High estrogen or progesterone receptors levels found in the metastatic axillary nodes can help to confirm a primary breast tumor (29); however, three series (4, 30, 31) reported that 50% to 86% of occult breast cancer cases were found to be negative for estrogen receptors. Because surgical excision of the palpable node was often the first diagnostic procedure, rarely was an attempt made to analyze the receptors by biochemical methods. In a series of 80 patients with occult breast cancer and axillary metastases, Montagna et al. (32) performed the immunohistochemical analysis of estrogen (ER) and progesterone (PR) receptors, and HER2 protein on the metastatic axillary nodes. They found that 46 (58%) were ER negative and PR negative (no expression), and 20 (25%) were HER2 positive. Using these as surrogate markers of biological subtypes, they found 14 (17.5%) luminal A (ER/PR positive, HER2 negative), 6 (7.5%) luminal B (ER/PR positive, HER2 positive, 28 (35%) HER2 enriched (ER and PR negative, HER2 positive), and 31 (39%) triple negative.

After removal of an axillary adenopathy, a breast cancer eventually developed in the untreated breast in an average 42% of patients, as reported in one review (2), with time intervals below 5 years in all cases. Patient samples were limited in these series, however, and follow-up periods varied widely. In the Royal Marsden series (33), 10/13 patients (77%) who had negative breast imaging including mammography, ultrasound, and MRI, and no breast treatment, have recurred in the ipsilateral breast at 68 months median follow-up.
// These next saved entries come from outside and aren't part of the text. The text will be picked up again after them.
theorem proposition4p1:
  fixes T :: "real \<Rightarrow> 'a::{real_inner, complete_space, second_countable_topology} \<Rightarrow> 'a"
    and \<mu> :: "real \<Rightarrow> 'a measure"
  assumes sg: "strongly_continuous_semigroup T"
    and prob: "\<And>t. t \<ge> 0 \<Longrightarrow> prob_space (\<mu> t)"
    and sets_mu: "\<And>t. t \<ge> 0 \<Longrightarrow> sets (\<mu> t) = sets borel"
    and mu0: "\<mu> 0 = return borel 0"
    and lim0: "weak_conv_at_0 \<mu> (\<mu> 0)"
    and conv: "\<And>s t. s \<ge> 0 \<Longrightarrow> t \<ge> 0 \<Longrightarrow>
                 \<mu> (t + s) = meas_conv (distr (\<mu> t) borel (T s)) (\<mu> s)"
  shows "(\<forall>f\<in>Lip_b. continuous_on ({0..} \<times> UNIV) (\<lambda>(t, x). transition_op T \<mu> t f x))
       \<and> (\<forall>t>0. transition_op T \<mu> t ` Lip_b \<subseteq> Lip_b)
       \<and> (\<forall>t>0. transition_op T \<mu> t ` C_b \<subseteq> C_b)
       \<and> (\<forall>t>0. transition_op T \<mu> t ` C_b_sigma_w \<subseteq> C_b_sigma_w)
       \<and> (\<forall>t>0. compact_operator (T t) \<longrightarrow> transition_op T \<mu> t ` C_b \<subseteq> C_b_sigma_w)"
proof -
  interpret skew_convolution_semigroup T \<mu>
    using assms by (auto intro!: skew_convolution_semigroup.intro)
  have linear: "bounded_linear (T t)" if "t > 0" for t
    using that by (intro strongly_continuous_semigroup_bounded_linear[OF sg]) simp
  have prob_pos: "prob_space (\<mu> t)" and sets_pos: "sets (\<mu> t) = sets borel" if "t > 0" for t
    using that prob sets_mu by simp_all
  show ?thesis
  proof (intro conjI ballI allI impI image_subsetI)
    show "continuous_on ({0..} \<times> UNIV) (\<lambda>(t, x). transition_op T \<mu> t f x)" if "f \<in> Lip_b" for f
      using that by (rule continuous_on_transition_op)
    show "transition_op T \<mu> t f \<in> Lip_b" if "t > 0" "f \<in> Lip_b" for t f
      using that by (intro transition_op_Lip_b prob_pos sets_pos linear)
    show "transition_op T \<mu> t f \<in> C_b" if "t > 0" "f \<in> C_b" for t f
      using that by (intro transition_op_C_b prob_pos sets_pos linear_continuous_on linear)
    show "transition_op T \<mu> t f \<in> C_b_sigma_w" if "t > 0" "f \<in> C_b_sigma_w" for t f
      using that by (intro transition_op_C_b_sigma_w prob_pos sets_pos linear)
    show "transition_op T \<mu> t f \<in> C_b_sigma_w" if "t > 0" "compact_operator (T t)" "f \<in> C_b" for t f
      using that by (intro transition_op_compact_C_b_sigma_w prob_pos sets_pos)
  qed
qed

end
The number of pathologically involved lymph nodes seen after axillary dissection is high. Table 66-2 summarizes the results in five series, reporting a median number of involved nodes was close to three. Forty patients in the Institut Curie series had an axillary dissection as initial treatment. The median number of involved nodes was 3 (range, 1 to 20). During follow-up, 16 of the 59 patients in the series had distant metastases: 4 (25%) in the brain, 5 (31%) in the liver, 3 (19%) as cervical nodes, and 3 in multiple sites. One patient had isolated bone metastases. Ten patients had contralateral disease, which occurred in the contralateral breast alone in 6 patients. Of note, 4 patients had isolated contralateral axillary node metastases.